I dont go to bars cos I've noone to go with.. Thats the problem
Confidence is one thing but don’t worry about feeling scared to see a man naked. You’re someone who has to be comfortable with that and it’s ok! You just find a man that your progress towards that with. It’s ok to use dating apps, all I’m saying is to give your time to the right man. This guy is all wrong, he doesn’t align with the basic things you want from a man.
I already know that tho, and tbh wed discussed finding someone whis right for me to date
Why do you need or even want his help though? This is a stranger he knows nothing about you.
I've asked girls i know to help and they dont want to know. he's the only one whos ever offered
Hence why we were meeting for a drink.
And i said if we were still talking by the time it xame round, if he goes too far before then i would be already blocking him
I even offered someone a free drink to take me out on my birthday, they couldn't even give a decent excuse.
I read the original post and saw you mention all of that (aside from meeting for drinks to discuss him finding you a man) and that’s why I’m saying what I’m saying. I don’t want to go back and forth too much, it’s your choice at the end of the day even if I think it’s a horrible idea. Of course I wish you luck, hopefully it all works out hun.
Its pretty much my last resort. Im Not a prerty girl so i need to be the best a tflirting etc. Even the genuine guys dont flirt with me on the app
It’s not your last resort, you’re just being impatient.
I did something today i shouldn't have. I need to change my life asap, its bot healthy what I'm going through
If i can't beg someone to come out on a free drink for mt birthday, what makes it clear ill meet someone or make friends.
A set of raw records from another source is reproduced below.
lemma inner_matrix_mult_right:
  fixes M :: "real^'b^'c" and N :: "real^'d^'b" and P :: "real^'d^'c"
  shows "inner (M ** N) P = inner M (P ** transpose N)"
proof -
  have "inner (M ** N) P = inner (transpose N ** transpose M) (transpose P)"
    by (metis inner_transpose matrix_transpose_mul)
  also have "\<dots> = inner (transpose M) (N ** transpose P)"
    by (simp add: inner_matrix_mult_left)
  also have "\<dots> = inner M (transpose (N ** transpose P))"
    using inner_transpose[of M "transpose (N ** transpose P)"] by simp
  also have "\<dots> = inner M (P ** transpose N)"
    by (simp add: matrix_transpose_mul)
  finally show ?thesis .
qed

lemma norm_matrix_mult_le:
  fixes M :: "real^'b^'c" and N :: "real^'d^'b"
  shows "norm (M ** N) \<le> norm M * norm N"
proof -
  have entry: "(M ** N)$i$j = inner (M$i) (column j N)" for i j
    by (simp add: matrix_matrix_mult_def inner_vec_def column_def)
  have "(norm (M ** N))^2 = (\<Sum>i\<in>UNIV. \<Sum>j\<in>UNIV. (inner (M$i) (column j N))^2)"
    unfolding power2_norm_eq_inner by (simp add: inner_vec_def entry power2_eq_square)
  also have "\<dots> \<le> (\<Sum>i\<in>UNIV. \<Sum>j\<in>UNIV. (norm (M$i))^2 * (norm (column j N))^2)"
    by (intro sum_mono) (metis Cauchy_Schwarz_ineq2 abs_le_square_iff abs_mult abs_norm_cancel
        power_mult_distrib)
  also have "\<dots> = (\<Sum>i\<in>UNIV. (norm (M$i))^2) * (\<Sum>j\<in>UNIV. (norm (column j N))^2)"
    by (simp add: sum_product)
  also have "(\<Sum>j\<in>UNIV. (norm (column j N))^2) = (norm N)^2"
    unfolding power2_norm_eq_inner
    by (simp add: inner_vec_def column_def power2_eq_square, rule sum.swap)
  also have "(\<Sum>i\<in>UNIV. (norm (M$i))^2) = (norm M)^2"
    unfolding power2_norm_eq_inner by (simp add: inner_vec_def)
  finally have "(norm (M ** N))^2 \<le> (norm M * norm N)^2"
    by (simp add: power_mult_distrib)
  then show ?thesis
    by (simp add: power2_le_iff_abs_le)
qed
Awe, it’s for your birthday? Go spoil yourself girl! Get your nails done have a massage. There are apps for specifically making friends if that’s what you’re looking for. But he’s not the right guy for all this, he’s already being sexual with his pics and you just met, I promise he will not abide by your wishes for any real length of time.
Im Not a girly girl n its a Sunday, i just wanted to go for a drink with someone
I dont have to go any further than the drink if i dont feel comfortable
The v fact u said that shows u dont realize this is my last resort. Im not like other girls. Its 2.30 here n i can't sleep, i probs won't b going anywhere for my birthday n b living in misery hill
Plus if he goes too far before then i said it wouldn't b happening at all
You don’t have to be a girly girls to maintain your appearance, when I worked at a spa we’d have studs and Butch lesbians come in for Brazilian waxes, they’d then go next door for a nail appoint and just got clear coats. It’s about the experience and taking care of your body. No, you don’t have to go any further than a drink but at least do that with a better guy. My question is why even risk catching feelings for a man you know isn’t right for you since he’s a father? That’s my only point here.
I dont really care about what i look like, other than my teeth or hair. Im not changing for noone
If i find someone else by then ill drop him.
he's got tats too so im pretty sure i wouldn't end up falling for him
My goodness miss Mona Lisa you’re gonna fight me tooth and nail I see lol all good babe! Wish you luck ❤️❤️❤️
I dont mind nails but my fingers get sore when typing n not gonna het them done for no reason. But again its a Sunday
Ill see where it goes, i might end up dropping him tomorrow lol
People on dating apps always have something wrong with them. If they didn't, they wouldn't need dating apps.